Ich finde einfach wirklich, dass Erziehung, egal wie wenig; sich höher stellen als das Kind, egal weshalb; total unnötig und je nach Ausmaß auch mehr oder weniger schädlich. Unnötig, weil man 1. auch mit Erziehung NIE garantieren kann, dass das Kind glücklich ist und 2. weil das erwünschte "Ziel" auch anders erreichbar ist. Gemein weil 3. das Ziel vom Kind selbst gewählt werden sollte und Nichterziehung ist besser weil 4. EINES auf jeden Fall garantiert werden kann: Glück JETZT – die beste Voraussetzung für Glück SPÄTER.

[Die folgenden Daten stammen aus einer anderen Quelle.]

lemma dual_sum_eq_hsub:
  fixes hb :: "'l::finite \<Rightarrow> 'g::euclidean_space"
  assumes dual: "\<And>i j. X i \<bullet> hb j = (if i = j then 1 else 0)" and "x \<in> hsub hb"
  shows "(\<Sum>i\<in>UNIV. (X i \<bullet> x) *\<^sub>R hb i) = x"
proof (rule linear_eq_on[where f = "\<lambda>x. \<Sum>i\<in>UNIV. (X i \<bullet> x) *\<^sub>R hb i" and g = "\<lambda>x. x"])
  show "linear (\<lambda>x. \<Sum>i\<in>UNIV. (X i \<bullet> x) *\<^sub>R hb i)"
    by (rule linearI) (simp_all add: inner_add_right scaleR_add_left sum.distrib scaleR_sum_right)
  show "linear (\<lambda>x. x)" by (rule linear_ident)
  show "x \<in> span (range hb)" using assms(2) by (simp add: hsub_def)
next
  fix b assume "b \<in> range hb"
  then obtain j where j: "b = hb j" by blast
  have "(\<Sum>i\<in>UNIV. (X i \<bullet> hb j) *\<^sub>R hb i) = (\<Sum>i\<in>UNIV. if i = j then hb i else 0)"
    by (intro sum.cong refl) (simp add: dual)
  then show "(\<Sum>i\<in>UNIV. (X i \<bullet> b) *\<^sub>R hb i) = b" using j by simp
qed

lemma annihilator_lin_complement:
  fixes hb :: "'l::finite \<Rightarrow> 'g::euclidean_space"
  assumes dual: "\<And>i j. X i \<bullet> hb j = (if i = j then 1 else 0)"
  shows "lin_complement (hsub hb) {x. \<forall>i. X i \<bullet> x = 0}"
  unfolding lin_complement_def
proof (intro conjI)
  define P where "P x = (\<Sum>i\<in>UNIV. (X i \<bullet> x) *\<^sub>R hb i)" for x
  have X_P: "X i \<bullet> P x = X i \<bullet> x" for i x
  proof -
    have "X i \<bullet> P x = (\<Sum>i'\<in>UNIV. if i' = i then X i' \<bullet> x else 0)"
      unfolding P_def inner_sum_right by (intro sum.cong refl) (simp add: dual)
    then show ?thesis by simp
  qed
  show "subspace {x. \<forall>i. X i \<bullet> x = 0}"
    unfolding subspace_def by (simp add: inner_add_right)
  show "hsub hb \<inter> {x. \<forall>i. X i \<bullet> x = 0} = {0}"
  proof (intro equalityI subsetI)
    fix x assume "x \<in> hsub hb \<inter> {x. \<forall>i. X i \<bullet> x = 0}"
    then have x: "x \<in> hsub hb" "\<forall>i. X i \<bullet> x = 0" by auto
    have "x = (\<Sum>i\<in>UNIV. (X i \<bullet> x) *\<^sub>R hb i)"
      using dual_sum_eq_hsub[OF dual x(1)] by simp
    then show "x \<in> {0}" using x(2) by simp
  qed (simp add: hsub_def span_zero)
  show "{x + y |x y. x \<in> hsub hb \<and> y \<in> {x. \<forall>i. X i \<bullet> x = 0}} = UNIV"
  proof (rule UNIV_eq_I[symmetric])
    fix v
    have "P v \<in> hsub hb"
      unfolding P_def hsub_def by (intro span_sum span_scale span_base) auto
    moreover have "v - P v \<in> {x. \<forall>i. X i \<bullet> x = 0}"
      by (simp add: inner_diff_right X_P)
    ultimately show "v \<in> {x + y |x y. x \<in> hsub hb \<and> y \<in> {x. \<forall>i. X i \<bullet> x = 0}}"
      by force
  qed
qed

Guckt man sich die Lebensläufe von erwachsenen (dauerhaft) unglücklichen Menschen an wird man zu 100% auf eine unglückliche ("schwere") Kindheit stoßen. Auf keinem wird man finden "Ich hatte die beste Kindheit meines Lebens, meine Eltern haben mich in allem Unterstützt und mich so akzeptiert, wie ich bin. Sie haben mir meine Freiheit erhalten und mir Orientierung gegeben, sie haben mich gleichberechtigt behandelt und mir alle Rechte eines Erwachsenen in einer Familie eingeräumt. Sie haben mich immer Ernst genommen und mich mitbestimmen lassen. Sie haben mich mit meinen Sorgen nie allein gelassen, sie haben mich nie angelogen, sie haben mich nie manipuliert. Wir waren Freunde, die bei üblicherweise unvermeidlichen Konflikten gemeinsam eine Lösung erarbeitet haben. Nicht nur Freunde, sie waren auch Eltern, auf die ich mich verlassen konnte und die mir weder in de Rücken gefallen sind, noch mich im Stich gelassen haben, wenn ich es doch Mal verbockt habe."